Entries shown:
※

lemma ex_polar_nonzero_if_hessian_nonzero:
  assumes H: "hessian L n e \<noteq> 0"
  shows "\<exists>w. polar L n e e w \<noteq> 0"
proof (rule ccontr)
  assume "\<nexists>w. polar L n e e w \<noteq> 0"
  then have zero: "polar L n e e (unit_vec j) = 0" for j
    by blast
  define M where "M i j = polar L n (unit_vec i) e (unit_vec j)" for i j
  obtain x0 x1 x2 where e: "e = (x0, x1, x2)"
    by (cases e rule: prod_cases3)
  have "polar L n e e (unit_vec j) = x0 * M 0 j + x1 * M 1 j + x2 * M 2 j" for j
    unfolding M_def e by (rule polar_unit_vec_expand)
  then have lin: "x0 * M 0 j + x1 * M 1 j + x2 * M 2 j = 0" for j
    using zero by simp
  have "mat_det3 M * x0 = 0" "mat_det3 M * x1 = 0" "mat_det3 M * x2 = 0"
    using lin[of 0] lin[of 1] lin[of 2] unfolding mat_det3_def by algebra+
  moreover have "mat_det3 M = hessian L n e"
    unfolding M_def hessian_def by (simp add: polar_swap)
  ultimately have "e = (0, 0, 0)"
    using H by (simp add: e)
  with H show False
    by (simp add: hessian_def polar_zero mat_det3_def)
qed

lemma ex_cube_and_hessian_nonzero:
  assumes H: "hessian L n e \<noteq> 0"
  shows "\<exists>e0. polar L n e0 e0 e0 \<noteq> 0 \<and> hessian L n e0 \<noteq> 0"
proof -
  obtain w where w: "polar L n e e w \<noteq> 0"
    using ex_polar_nonzero_if_hessian_nonzero[OF H] by blast
  define p where "p = [:polar L n e e e, 3 * polar L n e e w, 3 * polar L n e w w, polar L n w w w:]"
  define h where "h = mat_det3 (\<lambda>i j. [:polar L n e (unit_vec i) (unit_vec j),
    polar L n w (unit_vec i) (unit_vec j):])"
  have p_eq: "poly p t = polar L n (lincomb3 e w w 1 t 0) (lincomb3 e w w 1 t 0) (lincomb3 e w w 1 t 0)"
    for t
    unfolding p_def polar_lincomb3
    by (simp add: polar_swap algebra_simps power2_eq_square power3_eq_cube)
  have h_eq: "poly h t = hessian L n (lincomb3 e w w 1 t 0)" for t
    unfolding h_def hessian_def poly_mat_det3 polar_lincomb3_left by simp
  have "p \<noteq> 0"
  proof
    assume "p = 0"
    then have "coeff p 1 = 0" by simp
    with w show False by (simp add: p_def)
  qed
  moreover have "h \<noteq> 0"
    using H h_eq[of 0] by (auto simp: lincomb3_1_0_0)
  ultimately obtain t where "poly p t \<noteq> 0" "poly h t \<noteq> 0"
    using ex_common_nonroot by blast
  then show ?thesis
    unfolding p_eq h_eq by blast
qed

section \<open>Star frames\<close>

definition star_lines :: "vec3 \<Rightarrow> vec3 \<Rightarrow> vec3 \<Rightarrow> nat \<Rightarrow> vec3" where
  "star_lines v0 v1 v2 i = [v0, v1, v2, vadd v0 (vadd v1 v2)] ! i"

lemma star4_ok_star_lines:
  assumes "det3 v0 v1 v2 \<noteq> 0"
  shows "star4_ok (star_lines v0 v1 v2)"
proof -
  define s where "s = vadd v0 (vadd v1 v2)"
  have base: "det3 v0 v1 v2 \<noteq> 0" "det3 v0 v1 s \<noteq> 0" "det3 v0 v2 s \<noteq> 0" "det3 v1 v2 s \<noteq> 0"
    using assms unfolding s_def det3_def
    by (cases v0 rule: prod_cases3; cases v1 rule: prod_cases3; cases v2 rule: prod_cases3;
        simp add: algebra_simps)+
  have perms: "det3 b a c \<noteq> 0" "det3 a c b \<noteq> 0" "det3 b c a \<noteq> 0" "det3 c a b \<noteq> 0"
    "det3 c b a \<noteq> 0" if "det3 a b c \<noteq> 0" for a b c
    using that det3_swap det3_cyclic det3_swap23 by (metis neg_equal_0_iff_equal)+
  have "det3 (star_lines v0 v1 v2 i) (star_lines v0 v1 v2 j) (star_lines v0 v1 v2 k) \<noteq> 0"
    if "i < 4" "j < 4" "k < 4" "i \<noteq> j" "j \<noteq> k" "i \<noteq> k" for i j k
    using that base perms[OF base(1)] perms[OF base(2)] perms[OF base(3)] perms[OF base(4)]
    by (auto simp: star_lines_def s_def[symmetric] less_Suc_eq numeral_eq_Suc)
  then show ?thesis
    unfolding star4_ok_def by (blast intro: lin_indep3_if_det3)
qed

text \<open>In the coordinates dual to \<open>v0, v1, v2\<close> these four linear conditions on the cubic say
  that it is a combination of the cubes of the six vertices of the star configuration of the lines
  \<open>v0, v1, v2, v0 + v1 + v2\<close>.\<close>

definition star_frame :: "(nat \<Rightarrow> vec3) \<Rightarrow> nat \<Rightarrow> vec3 \<Rightarrow> vec3 \<Rightarrow> vec3 \<Rightarrow> bool" where
  "star_frame L n v0 v1 v2 \<longleftrightarrow> det3 v0 v1 v2 \<noteq> 0 \<and> polar L n v0 v1 v2 = 0
     \<and> polar L n v0 v0 v1 + polar L n v0 v1 v1 = 0 \<and> polar L n v0 v0 v2 + polar L n v0 v2 v2 = 0
     \<and> polar L n v1 v1 v2 + polar L n v1 v2 v2 = 0"

lemma ternary_cubic_in_star_span:
  fixes t000 t111 t222 t001 t011 t002 t022 t112 t122 t012 b0 b1 b2 :: complex
  assumes "t012 = 0" "t001 + t011 = 0" "t002 + t022 = 0" "t112 + t122 = 0"
  shows "b0^3 * t000 + b1^3 * t111 + b2^3 * t222 + 3 * (b0^2 * b1) * t001 + 3 * (b0 * b1^2) * t011
    + 3 * (b0^2 * b2) * t002 + 3 * (b0 * b2^2) * t022 + 3 * (b1^2 * b2) * t112
    + 3 * (b1 * b2^2) * t122 + 6 * (b0 * b1 * b2) * t012
   = (t000 + t001 + t002) * b0^3 + (t111 - t001 + t112) * b1^3 + (t222 - t002 - t112) * b2^3
    - t001 * (b0 - b1)^3 - t002 * (b0 - b2)^3 - t112 * (b1 - b2)^3"
proof -
  have "t011 = - t001" "t022 = - t002" "t122 = - t112"
    using assms by (simp_all add: eq_neg_iff_add_eq_0 add.commute)
  then show ?thesis
    unfolding assms(1) by algebra
qed

lemma polar_cube_lincomb3:
  "polar L n (lincomb3 v0 v1 v2 b0 b1 b2) (lincomb3 v0 v1 v2 b0 b1 b2) (lincomb3 v0 v1 v2 b0 b1 b2) =
     b0^3 * polar L n v0 v0 v0 + b1^3 * polar L n v1 v1 v1 + b2^3 * polar L n v2 v2 v2
   + 3 * (b0^2 * b1) * polar L n v0 v0 v1 + 3 * (b0 * b1^2) * polar L n v0 v1 v1
   + 3 * (b0^2 * b2) * polar L n v0 v0 v2 + 3 * (b0 * b2^2) * polar L n v0 v2 v2
   + 3 * (b1^2 * b2) * polar L n v1 v1 v2 + 3 * (b1 * b2^2) * polar L n v1 v2 v2
   + 6 * (b0 * b1 * b2) * polar L n v0 v1 v2"
  unfolding polar_lincomb3 by (simp add: power2_eq_square power3_eq_cube algebra_simps)

lemma star_config_memI:
  assumes "lin_eval w p \<noteq> 0" "i < 4" "j < 4" "i \<noteq> j" "lin_eval (l i) p = 0" "lin_eval (l j) p = 0"
  shows "p \<in> star_config l"
  using assms unfolding star_config_def by force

※

Please copy each line above exactly as written.

Solution below:
lemma ex_polar_nonzero_if_hessian_nonzero:
  assumes H: "hessian L n e \<noteq> 0"
  shows "\<exists>w. polar L n e e w \<noteq> 0"
proof (rule ccontr)
  assume "\<nexists>w. polar L n e e w \<noteq> 0"
  then have zero: "polar L n e e (unit_vec j) = 0" for j
    by blast
  define M where "M i j = polar L n (unit_vec i) e (unit_vec j)" for i j
  obtain x0 x1 x2 where e: "e = (x0, x1, x2)"
    by (cases e rule: prod_cases3)
  have "polar L n e e (unit_vec j) = x0 * M 0 j + x1 * M 1 j + x2 * M 2 j" for j
    unfolding M_def e by (rule polar_unit_vec_expand)
  then have lin: "x0 * M 0 j + x1 * M 1 j + x2 * M 2 j = 0" for j
    using zero by simp
  have "mat_det3 M * x0 = 0" "mat_det3 M * x1 = 0" "mat_det3 M * x2 = 0"
    using lin[of 0] lin[of 1] lin[of 2] unfolding mat_det3_def by algebra+
  moreover have "mat_det3 M = hessian L n e"
    unfolding M_def hessian_def by (simp add: polar_swap)
  ultimately have "e = (0, 0, 0)"
    using H by (simp add: e)
  with H show False
    by (simp add: hessian_def polar_zero mat_det3_def)
qed

lemma ex_cube_and_hessian_nonzero:
  assumes H: "hessian L n e \<noteq> 0"
  shows "\<exists>e0. polar L n e0 e0 e0 \<noteq> 0 \<and> hessian L n e0 \<noteq> 0"
proof -
  obtain w where w: "polar L n e e w \<noteq> 0"
    using ex_polar_nonzero_if_hessian_nonzero[OF H] by blast
  define p where "p = [:polar L n e e e, 3 * polar L n e e w, 3 * polar L n e w w, polar L n w w w:]"
  define h where "h = mat_det3 (\<lambda>i j. [:polar L n e (unit_vec i) (unit_vec j),
    polar L n w (unit_vec i) (unit_vec j):])"
  have p_eq: "poly p t = polar L n (lincomb3 e w w 1 t 0) (lincomb3 e w w 1 t 0) (lincomb3 e w w 1 t 0)"
    for t
    unfolding p_def polar_lincomb3
    by (simp add: polar_swap algebra_simps power2_eq_square power3_eq_cube)
  have h_eq: "poly h t = hessian L n (lincomb3 e w w 1 t 0)" for t
    unfolding h_def hessian_def poly_mat_det3 polar_lincomb3_left by simp
  have "p \<noteq> 0"
  proof
    assume "p = 0"
    then have "coeff p 1 = 0" by simp
    with w show False by (simp add: p_def)
  qed
  moreover have "h \<noteq> 0"
    using H h_eq[of 0] by (auto simp: lincomb3_1_0_0)
  ultimately obtain t where "poly p t \<noteq> 0" "poly h t \<noteq> 0"
    using ex_common_nonroot by blast
  then show ?thesis
    unfolding p_eq h_eq by blast
qed

section \<open>Star frames\<close>

definition star_lines :: "vec3 \<Rightarrow> vec3 \<Rightarrow> vec3 \<Rightarrow> nat \<Rightarrow> vec3" where
  "star_lines v0 v1 v2 i = [v0, v1, v2, vadd v0 (vadd v1 v2)] ! i"

lemma star4_ok_star_lines:
  assumes "det3 v0 v1 v2 \<noteq> 0"
  shows "star4_ok (star_lines v0 v1 v2)"
proof -
  define s where "s = vadd v0 (vadd v1 v2)"
  have base: "det3 v0 v1 v2 \<noteq> 0" "det3 v0 v1 s \<noteq> 0" "det3 v0 v2 s \<noteq> 0" "det3 v1 v2 s \<noteq> 0"
    using assms unfolding s_def det3_def
    by (cases v0 rule: prod_cases3; cases v1 rule: prod_cases3; cases v2 rule: prod_cases3;
        simp add: algebra_simps)+
  have perms: "det3 b a c \<noteq> 0" "det3 a c b \<noteq> 0" "det3 b c a \<noteq> 0" "det3 c a b \<noteq> 0"
    "det3 c b a \<noteq> 0" if "det3 a b c \<noteq> 0" for a b c
    using that det3_swap det3_cyclic det3_swap23 by (metis neg_equal_0_iff_equal)+
  have "det3 (star_lines v0 v1 v2 i) (star_lines v0 v1 v2 j) (star_lines v0 v1 v2 k) \<noteq> 0"
    if "i < 4" "j < 4" "k < 4" "i \<noteq> j" "j \<noteq> k" "i \<noteq> k" for i j k
    using that base perms[OF base(1)] perms[OF base(2)] perms[OF base(3)] perms[OF base(4)]
    by (auto simp: star_lines_def s_def[symmetric] less_Suc_eq numeral_eq_Suc)
  then show ?thesis
    unfolding star4_ok_def by (blast intro: lin_indep3_if_det3)
qed

text \<open>In the coordinates dual to \<open>v0, v1, v2\<close> these four linear conditions on the cubic say
  that it is a combination of the cubes of the six vertices of the star configuration of the lines
  \<open>v0, v1, v2, v0 + v1 + v2\<close>.\<close>

definition star_frame :: "(nat \<Rightarrow> vec3) \<Rightarrow> nat \<Rightarrow> vec3 \<Rightarrow> vec3 \<Rightarrow> vec3 \<Rightarrow> bool" where
  "star_frame L n v0 v1 v2 \<longleftrightarrow> det3 v0 v1 v2 \<noteq> 0 \<and> polar L n v0 v1 v2 = 0
     \<and> polar L n v0 v0 v1 + polar L n v0 v1 v1 = 0 \<and> polar L n v0 v0 v2 + polar L n v0 v2 v2 = 0
     \<and> polar L n v1 v1 v2 + polar L n v1 v2 v2 = 0"

lemma ternary_cubic_in_star_span:
  fixes t000 t111 t222 t001 t011 t002 t022 t112 t122 t012 b0 b1 b2 :: complex
  assumes "t012 = 0" "t001 + t011 = 0" "t002 + t022 = 0" "t112 + t122 = 0"
  shows "b0^3 * t000 + b1^3 * t111 + b2^3 * t222 + 3 * (b0^2 * b1) * t001 + 3 * (b0 * b1^2) * t011
    + 3 * (b0^2 * b2) * t002 + 3 * (b0 * b2^2) * t022 + 3 * (b1^2 * b2) * t112
    + 3 * (b1 * b2^2) * t122 + 6 * (b0 * b1 * b2) * t012
   = (t000 + t001 + t002) * b0^3 + (t111 - t001 + t112) * b1^3 + (t222 - t002 - t112) * b2^3
    - t001 * (b0 - b1)^3 - t002 * (b0 - b2)^3 - t112 * (b1 - b2)^3"
proof -
  have "t011 = - t001" "t022 = - t002" "t122 = - t112"
    using assms by (simp_all add: eq_neg_iff_add_eq_0 add.commute)
  then show ?thesis
    unfolding assms(1) by algebra
qed

lemma polar_cube_lincomb3:
  "polar L n (lincomb3 v0 v1 v2 b0 b1 b2) (lincomb3 v0 v1 v2 b0 b1 b2) (lincomb3 v0 v1 v2 b0 b1 b2) =
     b0^3 * polar L n v0 v0 v0 + b1^3 * polar L n v1 v1 v1 + b2^3 * polar L n v2 v2 v2
   + 3 * (b0^2 * b1) * polar L n v0 v0 v1 + 3 * (b0 * b1^2) * polar L n v0 v1 v1
   + 3 * (b0^2 * b2) * polar L n v0 v0 v2 + 3 * (b0 * b2^2) * polar L n v0 v2 v2
   + 3 * (b1^2 * b2) * polar L n v1 v1 v2 + 3 * (b1 * b2^2) * polar L n v1 v2 v2
   + 6 * (b0 * b1 * b2) * polar L n v0 v1 v2"
  unfolding polar_lincomb3 by (simp add: power2_eq_square power3_eq_cube algebra_simps)

lemma star_config_memI:
  assumes "lin_eval w p \<noteq> 0" "i < 4" "j < 4" "i \<noteq> j" "lin_eval (l i) p = 0" "lin_eval (l j) p = 0"
  shows "p \<in> star_config l"
  using assms unfolding star_config_def by force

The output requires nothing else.